**Requirement:**
Restate word for word the entries below, starting with the line with "by (simp add: weighted_norm_def)" and continuing through the line with "proof (rule integrable_product_bound[OF". Include both of those lines and no others.

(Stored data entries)
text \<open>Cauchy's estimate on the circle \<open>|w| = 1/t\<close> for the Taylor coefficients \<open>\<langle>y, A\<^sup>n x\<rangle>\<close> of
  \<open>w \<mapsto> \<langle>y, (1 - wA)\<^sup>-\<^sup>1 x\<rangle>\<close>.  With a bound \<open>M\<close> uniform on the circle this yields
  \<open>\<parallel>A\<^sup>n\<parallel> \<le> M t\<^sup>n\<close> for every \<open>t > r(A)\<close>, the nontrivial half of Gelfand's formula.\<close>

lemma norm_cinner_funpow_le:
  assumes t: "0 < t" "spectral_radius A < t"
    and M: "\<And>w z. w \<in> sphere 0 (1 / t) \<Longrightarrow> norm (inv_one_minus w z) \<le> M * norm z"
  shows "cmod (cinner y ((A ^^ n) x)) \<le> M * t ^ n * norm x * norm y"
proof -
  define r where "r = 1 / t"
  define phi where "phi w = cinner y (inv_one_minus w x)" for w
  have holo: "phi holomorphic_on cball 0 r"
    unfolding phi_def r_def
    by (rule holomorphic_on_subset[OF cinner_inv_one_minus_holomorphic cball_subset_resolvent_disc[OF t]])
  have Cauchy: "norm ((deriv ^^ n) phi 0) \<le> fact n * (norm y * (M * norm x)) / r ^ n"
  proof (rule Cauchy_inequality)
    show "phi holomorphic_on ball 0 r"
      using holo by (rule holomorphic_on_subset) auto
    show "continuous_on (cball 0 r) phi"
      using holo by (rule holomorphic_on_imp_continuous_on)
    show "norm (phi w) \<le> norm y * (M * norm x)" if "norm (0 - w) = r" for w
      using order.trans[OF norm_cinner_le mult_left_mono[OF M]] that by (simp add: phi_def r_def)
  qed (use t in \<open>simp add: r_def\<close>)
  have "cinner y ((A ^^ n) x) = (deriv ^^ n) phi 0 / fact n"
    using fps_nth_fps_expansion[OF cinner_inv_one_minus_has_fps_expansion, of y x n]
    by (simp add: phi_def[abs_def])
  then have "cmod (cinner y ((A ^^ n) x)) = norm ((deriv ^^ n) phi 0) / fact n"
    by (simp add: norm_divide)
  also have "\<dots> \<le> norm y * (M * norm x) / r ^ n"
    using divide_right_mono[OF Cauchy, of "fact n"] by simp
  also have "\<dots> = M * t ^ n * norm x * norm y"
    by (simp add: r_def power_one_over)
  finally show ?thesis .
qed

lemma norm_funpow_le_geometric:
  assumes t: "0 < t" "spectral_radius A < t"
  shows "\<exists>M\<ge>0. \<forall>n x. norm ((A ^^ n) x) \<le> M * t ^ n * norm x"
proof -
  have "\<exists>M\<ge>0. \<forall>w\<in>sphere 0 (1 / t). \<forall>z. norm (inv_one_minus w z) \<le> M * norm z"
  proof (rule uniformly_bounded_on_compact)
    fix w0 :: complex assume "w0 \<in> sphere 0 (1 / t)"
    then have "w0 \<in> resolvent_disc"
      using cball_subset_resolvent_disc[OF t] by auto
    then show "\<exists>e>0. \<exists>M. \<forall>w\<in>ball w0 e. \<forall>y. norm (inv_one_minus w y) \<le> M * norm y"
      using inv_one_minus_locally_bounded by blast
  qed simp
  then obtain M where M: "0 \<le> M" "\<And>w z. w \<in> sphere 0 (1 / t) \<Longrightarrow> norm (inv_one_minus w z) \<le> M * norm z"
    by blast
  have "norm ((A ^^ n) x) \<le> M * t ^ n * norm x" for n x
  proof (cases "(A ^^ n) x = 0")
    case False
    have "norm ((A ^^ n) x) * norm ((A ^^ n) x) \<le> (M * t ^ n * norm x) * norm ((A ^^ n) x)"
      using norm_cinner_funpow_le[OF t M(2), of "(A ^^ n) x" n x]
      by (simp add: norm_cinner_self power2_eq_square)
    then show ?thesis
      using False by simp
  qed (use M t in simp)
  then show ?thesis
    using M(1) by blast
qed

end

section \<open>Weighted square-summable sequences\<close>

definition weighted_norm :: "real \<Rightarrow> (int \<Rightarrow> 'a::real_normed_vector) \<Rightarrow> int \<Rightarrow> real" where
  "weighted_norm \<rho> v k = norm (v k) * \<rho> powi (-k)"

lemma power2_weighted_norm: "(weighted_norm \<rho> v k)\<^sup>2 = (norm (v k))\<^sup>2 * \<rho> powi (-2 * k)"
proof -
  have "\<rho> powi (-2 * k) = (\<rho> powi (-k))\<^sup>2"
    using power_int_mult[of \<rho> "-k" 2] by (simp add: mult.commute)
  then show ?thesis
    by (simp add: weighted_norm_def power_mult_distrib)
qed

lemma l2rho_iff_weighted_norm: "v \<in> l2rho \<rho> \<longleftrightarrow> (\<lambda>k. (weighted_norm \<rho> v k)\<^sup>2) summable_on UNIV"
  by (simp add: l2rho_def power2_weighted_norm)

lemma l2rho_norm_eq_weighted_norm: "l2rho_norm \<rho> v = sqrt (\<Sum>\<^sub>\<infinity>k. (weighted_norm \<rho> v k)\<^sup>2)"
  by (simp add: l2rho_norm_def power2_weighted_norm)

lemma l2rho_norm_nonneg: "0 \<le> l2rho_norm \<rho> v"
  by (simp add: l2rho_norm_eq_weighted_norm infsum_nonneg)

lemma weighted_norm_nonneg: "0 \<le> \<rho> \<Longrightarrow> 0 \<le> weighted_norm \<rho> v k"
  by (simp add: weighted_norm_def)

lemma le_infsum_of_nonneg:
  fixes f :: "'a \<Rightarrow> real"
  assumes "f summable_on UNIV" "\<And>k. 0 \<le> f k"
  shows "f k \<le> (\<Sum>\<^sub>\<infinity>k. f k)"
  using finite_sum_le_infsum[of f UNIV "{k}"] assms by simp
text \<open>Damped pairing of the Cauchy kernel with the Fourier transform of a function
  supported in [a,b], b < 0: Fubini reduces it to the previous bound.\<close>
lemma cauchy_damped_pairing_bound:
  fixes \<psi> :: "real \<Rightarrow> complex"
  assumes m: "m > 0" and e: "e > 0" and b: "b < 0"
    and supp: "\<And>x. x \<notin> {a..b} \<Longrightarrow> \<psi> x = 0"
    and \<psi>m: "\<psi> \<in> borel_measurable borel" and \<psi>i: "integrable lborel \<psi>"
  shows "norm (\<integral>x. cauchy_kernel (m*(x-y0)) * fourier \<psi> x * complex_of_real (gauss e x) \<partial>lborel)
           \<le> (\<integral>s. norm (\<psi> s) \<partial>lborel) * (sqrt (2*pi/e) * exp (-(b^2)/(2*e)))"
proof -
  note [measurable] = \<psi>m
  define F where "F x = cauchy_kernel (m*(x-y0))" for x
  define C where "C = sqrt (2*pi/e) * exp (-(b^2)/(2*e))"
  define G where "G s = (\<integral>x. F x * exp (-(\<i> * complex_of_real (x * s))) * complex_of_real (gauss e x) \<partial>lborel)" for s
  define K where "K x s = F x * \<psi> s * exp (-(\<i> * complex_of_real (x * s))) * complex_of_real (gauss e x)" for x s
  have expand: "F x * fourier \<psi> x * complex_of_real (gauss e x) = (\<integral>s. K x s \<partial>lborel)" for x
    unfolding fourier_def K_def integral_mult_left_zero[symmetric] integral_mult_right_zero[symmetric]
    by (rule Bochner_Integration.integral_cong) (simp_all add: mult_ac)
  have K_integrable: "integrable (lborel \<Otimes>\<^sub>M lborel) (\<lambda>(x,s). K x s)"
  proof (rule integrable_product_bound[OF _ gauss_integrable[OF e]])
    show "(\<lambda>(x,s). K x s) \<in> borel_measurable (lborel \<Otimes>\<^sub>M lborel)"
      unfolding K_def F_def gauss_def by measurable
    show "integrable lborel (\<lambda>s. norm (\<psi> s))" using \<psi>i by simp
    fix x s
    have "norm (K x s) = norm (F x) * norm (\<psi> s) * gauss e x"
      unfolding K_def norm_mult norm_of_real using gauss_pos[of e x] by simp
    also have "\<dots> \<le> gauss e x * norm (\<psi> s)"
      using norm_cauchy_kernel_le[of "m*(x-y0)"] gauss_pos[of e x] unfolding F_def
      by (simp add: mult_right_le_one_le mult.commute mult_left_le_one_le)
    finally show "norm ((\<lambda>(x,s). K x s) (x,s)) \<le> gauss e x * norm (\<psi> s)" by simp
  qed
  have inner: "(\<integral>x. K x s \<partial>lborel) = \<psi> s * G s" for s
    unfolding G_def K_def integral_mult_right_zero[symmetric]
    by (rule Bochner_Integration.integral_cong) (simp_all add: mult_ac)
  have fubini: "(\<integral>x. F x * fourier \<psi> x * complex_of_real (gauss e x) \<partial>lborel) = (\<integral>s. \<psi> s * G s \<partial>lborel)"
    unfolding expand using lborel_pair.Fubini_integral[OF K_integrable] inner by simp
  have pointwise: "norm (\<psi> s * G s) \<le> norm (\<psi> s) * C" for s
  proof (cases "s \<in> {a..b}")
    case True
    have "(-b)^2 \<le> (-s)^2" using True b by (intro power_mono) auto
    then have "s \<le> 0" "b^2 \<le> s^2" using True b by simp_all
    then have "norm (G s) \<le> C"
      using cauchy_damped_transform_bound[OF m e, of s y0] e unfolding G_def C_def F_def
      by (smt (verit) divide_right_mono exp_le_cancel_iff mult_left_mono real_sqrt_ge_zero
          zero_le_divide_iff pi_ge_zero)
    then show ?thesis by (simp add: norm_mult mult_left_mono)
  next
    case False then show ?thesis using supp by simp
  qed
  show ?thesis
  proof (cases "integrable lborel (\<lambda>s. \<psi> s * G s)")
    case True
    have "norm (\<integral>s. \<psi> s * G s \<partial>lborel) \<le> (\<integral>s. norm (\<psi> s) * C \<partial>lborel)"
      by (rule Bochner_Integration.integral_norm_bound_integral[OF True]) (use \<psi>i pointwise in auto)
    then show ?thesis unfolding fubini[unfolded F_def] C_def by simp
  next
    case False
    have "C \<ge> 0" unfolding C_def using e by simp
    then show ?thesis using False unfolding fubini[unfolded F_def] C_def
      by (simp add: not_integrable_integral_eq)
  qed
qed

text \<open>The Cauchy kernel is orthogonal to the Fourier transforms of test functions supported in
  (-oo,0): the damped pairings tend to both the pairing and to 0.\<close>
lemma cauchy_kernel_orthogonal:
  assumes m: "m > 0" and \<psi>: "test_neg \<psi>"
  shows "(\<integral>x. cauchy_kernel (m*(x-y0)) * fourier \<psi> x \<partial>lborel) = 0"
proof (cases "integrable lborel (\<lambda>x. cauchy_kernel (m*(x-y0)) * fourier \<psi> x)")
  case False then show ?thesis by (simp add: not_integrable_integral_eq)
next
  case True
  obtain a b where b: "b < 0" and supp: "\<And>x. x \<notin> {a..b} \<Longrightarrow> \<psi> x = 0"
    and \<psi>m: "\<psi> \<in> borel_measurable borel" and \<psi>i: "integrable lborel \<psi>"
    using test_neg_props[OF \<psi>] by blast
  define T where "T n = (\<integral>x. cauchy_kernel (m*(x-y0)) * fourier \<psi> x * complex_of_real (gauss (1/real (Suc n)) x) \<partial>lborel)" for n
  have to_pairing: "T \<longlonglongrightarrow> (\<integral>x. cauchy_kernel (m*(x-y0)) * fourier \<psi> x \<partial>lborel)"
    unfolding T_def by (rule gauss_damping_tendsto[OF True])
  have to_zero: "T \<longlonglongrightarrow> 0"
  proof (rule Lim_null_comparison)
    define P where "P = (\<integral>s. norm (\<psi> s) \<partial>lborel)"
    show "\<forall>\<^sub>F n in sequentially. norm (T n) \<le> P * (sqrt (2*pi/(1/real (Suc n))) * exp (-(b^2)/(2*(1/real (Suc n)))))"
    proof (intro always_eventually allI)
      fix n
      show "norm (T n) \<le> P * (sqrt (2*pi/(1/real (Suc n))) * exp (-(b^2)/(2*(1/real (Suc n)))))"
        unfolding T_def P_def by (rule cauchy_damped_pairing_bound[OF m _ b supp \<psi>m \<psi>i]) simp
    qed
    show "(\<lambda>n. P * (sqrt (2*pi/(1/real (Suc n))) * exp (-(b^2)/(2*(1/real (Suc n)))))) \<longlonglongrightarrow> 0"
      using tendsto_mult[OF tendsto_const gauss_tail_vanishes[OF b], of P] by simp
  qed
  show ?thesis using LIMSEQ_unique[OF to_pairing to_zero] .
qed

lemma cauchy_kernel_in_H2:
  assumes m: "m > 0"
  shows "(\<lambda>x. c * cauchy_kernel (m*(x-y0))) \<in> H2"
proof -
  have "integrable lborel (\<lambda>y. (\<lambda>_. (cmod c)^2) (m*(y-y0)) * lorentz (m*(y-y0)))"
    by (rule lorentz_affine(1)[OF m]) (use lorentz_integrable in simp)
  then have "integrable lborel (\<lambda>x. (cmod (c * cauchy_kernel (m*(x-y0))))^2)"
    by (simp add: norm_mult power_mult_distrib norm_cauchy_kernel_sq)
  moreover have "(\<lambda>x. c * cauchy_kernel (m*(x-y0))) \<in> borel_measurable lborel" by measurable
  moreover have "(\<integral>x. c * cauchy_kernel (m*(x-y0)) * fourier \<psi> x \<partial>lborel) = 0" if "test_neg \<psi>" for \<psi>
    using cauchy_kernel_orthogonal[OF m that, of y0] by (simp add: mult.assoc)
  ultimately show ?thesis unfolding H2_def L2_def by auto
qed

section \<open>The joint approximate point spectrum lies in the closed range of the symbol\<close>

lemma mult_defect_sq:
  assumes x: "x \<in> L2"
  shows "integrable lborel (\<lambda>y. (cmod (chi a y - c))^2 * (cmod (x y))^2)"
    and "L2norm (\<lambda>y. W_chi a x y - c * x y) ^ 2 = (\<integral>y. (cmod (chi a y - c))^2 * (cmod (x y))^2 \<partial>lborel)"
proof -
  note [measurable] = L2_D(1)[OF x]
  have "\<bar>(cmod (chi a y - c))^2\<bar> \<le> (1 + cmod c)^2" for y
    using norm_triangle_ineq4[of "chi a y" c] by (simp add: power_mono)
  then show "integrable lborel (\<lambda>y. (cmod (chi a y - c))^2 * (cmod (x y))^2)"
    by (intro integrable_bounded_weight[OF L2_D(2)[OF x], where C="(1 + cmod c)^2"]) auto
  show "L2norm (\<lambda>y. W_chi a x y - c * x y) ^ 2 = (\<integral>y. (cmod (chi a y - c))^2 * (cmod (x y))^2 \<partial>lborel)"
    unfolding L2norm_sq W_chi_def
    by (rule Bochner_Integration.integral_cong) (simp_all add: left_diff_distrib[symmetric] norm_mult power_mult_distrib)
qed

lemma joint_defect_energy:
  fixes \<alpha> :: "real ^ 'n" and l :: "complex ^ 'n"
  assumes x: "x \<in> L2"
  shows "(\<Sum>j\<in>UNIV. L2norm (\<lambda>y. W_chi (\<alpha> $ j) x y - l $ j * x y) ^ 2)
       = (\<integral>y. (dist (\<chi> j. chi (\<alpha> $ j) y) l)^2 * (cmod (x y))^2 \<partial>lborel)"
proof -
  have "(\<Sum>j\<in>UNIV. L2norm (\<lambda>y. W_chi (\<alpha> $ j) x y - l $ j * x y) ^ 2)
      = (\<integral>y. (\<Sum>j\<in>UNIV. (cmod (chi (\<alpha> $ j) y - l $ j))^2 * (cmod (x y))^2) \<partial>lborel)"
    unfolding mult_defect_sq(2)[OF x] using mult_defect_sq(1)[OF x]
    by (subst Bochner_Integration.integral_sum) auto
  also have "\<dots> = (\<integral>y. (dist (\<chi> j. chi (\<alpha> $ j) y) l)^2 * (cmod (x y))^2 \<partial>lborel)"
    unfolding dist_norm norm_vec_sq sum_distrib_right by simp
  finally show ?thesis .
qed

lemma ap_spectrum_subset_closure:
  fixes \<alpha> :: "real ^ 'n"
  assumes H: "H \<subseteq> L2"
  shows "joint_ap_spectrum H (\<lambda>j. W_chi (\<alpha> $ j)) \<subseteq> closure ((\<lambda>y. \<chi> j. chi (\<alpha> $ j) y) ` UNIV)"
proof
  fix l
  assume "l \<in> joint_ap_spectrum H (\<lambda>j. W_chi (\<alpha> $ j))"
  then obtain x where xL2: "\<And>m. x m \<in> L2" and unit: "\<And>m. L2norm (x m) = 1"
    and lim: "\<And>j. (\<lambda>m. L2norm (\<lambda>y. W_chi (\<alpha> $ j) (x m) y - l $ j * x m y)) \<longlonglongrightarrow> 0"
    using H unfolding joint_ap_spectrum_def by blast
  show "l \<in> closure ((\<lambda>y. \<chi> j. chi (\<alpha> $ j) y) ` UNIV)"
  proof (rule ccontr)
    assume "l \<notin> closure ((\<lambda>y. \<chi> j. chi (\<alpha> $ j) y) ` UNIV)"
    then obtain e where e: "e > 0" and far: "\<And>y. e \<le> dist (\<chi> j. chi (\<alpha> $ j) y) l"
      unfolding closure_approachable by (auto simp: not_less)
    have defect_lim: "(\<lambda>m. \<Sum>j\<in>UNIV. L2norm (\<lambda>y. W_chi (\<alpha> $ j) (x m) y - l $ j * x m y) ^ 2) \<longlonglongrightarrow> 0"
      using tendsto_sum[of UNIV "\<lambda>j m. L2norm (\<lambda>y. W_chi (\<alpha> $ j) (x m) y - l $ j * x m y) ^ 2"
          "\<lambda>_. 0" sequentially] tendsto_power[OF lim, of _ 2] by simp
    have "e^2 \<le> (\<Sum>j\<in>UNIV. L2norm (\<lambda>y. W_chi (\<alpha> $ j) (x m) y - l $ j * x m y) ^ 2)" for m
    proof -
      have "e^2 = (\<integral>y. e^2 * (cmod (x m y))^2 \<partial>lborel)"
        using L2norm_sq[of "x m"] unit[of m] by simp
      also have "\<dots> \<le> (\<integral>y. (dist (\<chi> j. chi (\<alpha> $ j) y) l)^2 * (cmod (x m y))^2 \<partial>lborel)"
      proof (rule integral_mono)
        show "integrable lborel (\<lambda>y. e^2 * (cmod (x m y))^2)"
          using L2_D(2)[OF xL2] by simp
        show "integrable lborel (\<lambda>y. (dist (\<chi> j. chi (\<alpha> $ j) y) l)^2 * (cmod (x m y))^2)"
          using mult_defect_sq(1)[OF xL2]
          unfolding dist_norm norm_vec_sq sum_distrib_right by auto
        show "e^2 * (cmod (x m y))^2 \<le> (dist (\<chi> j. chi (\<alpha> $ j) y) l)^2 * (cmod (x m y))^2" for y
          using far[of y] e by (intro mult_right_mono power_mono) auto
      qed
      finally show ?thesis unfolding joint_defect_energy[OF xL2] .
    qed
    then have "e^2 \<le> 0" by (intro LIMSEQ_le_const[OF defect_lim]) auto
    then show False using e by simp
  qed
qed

**Output below:**
  by (simp add: weighted_norm_def)

lemma le_infsum_of_nonneg:
  fixes f :: "'a \<Rightarrow> real"
  assumes "f summable_on UNIV" "\<And>k. 0 \<le> f k"
  shows "f k \<le> (\<Sum>\<^sub>\<infinity>k. f k)"
  using finite_sum_le_infsum[of f UNIV "{k}"] assms by simp
text \<open>Damped pairing of the Cauchy kernel with the Fourier transform of a function
  supported in [a,b], b < 0: Fubini reduces it to the previous bound.\<close>
lemma cauchy_damped_pairing_bound:
  fixes \<psi> :: "real \<Rightarrow> complex"
  assumes m: "m > 0" and e: "e > 0" and b: "b < 0"
    and supp: "\<And>x. x \<notin> {a..b} \<Longrightarrow> \<psi> x = 0"
    and \<psi>m: "\<psi> \<in> borel_measurable borel" and \<psi>i: "integrable lborel \<psi>"
  shows "norm (\<integral>x. cauchy_kernel (m*(x-y0)) * fourier \<psi> x * complex_of_real (gauss e x) \<partial>lborel)
           \<le> (\<integral>s. norm (\<psi> s) \<partial>lborel) * (sqrt (2*pi/e) * exp (-(b^2)/(2*e)))"
proof -
  note [measurable] = \<psi>m
  define F where "F x = cauchy_kernel (m*(x-y0))" for x
  define C where "C = sqrt (2*pi/e) * exp (-(b^2)/(2*e))"
  define G where "G s = (\<integral>x. F x * exp (-(\<i> * complex_of_real (x * s))) * complex_of_real (gauss e x) \<partial>lborel)" for s
  define K where "K x s = F x * \<psi> s * exp (-(\<i> * complex_of_real (x * s))) * complex_of_real (gauss e x)" for x s
  have expand: "F x * fourier \<psi> x * complex_of_real (gauss e x) = (\<integral>s. K x s \<partial>lborel)" for x
    unfolding fourier_def K_def integral_mult_left_zero[symmetric] integral_mult_right_zero[symmetric]
    by (rule Bochner_Integration.integral_cong) (simp_all add: mult_ac)
  have K_integrable: "integrable (lborel \<Otimes>\<^sub>M lborel) (\<lambda>(x,s). K x s)"
  proof (rule integrable_product_bound[OF _ gauss_integrable[OF e]])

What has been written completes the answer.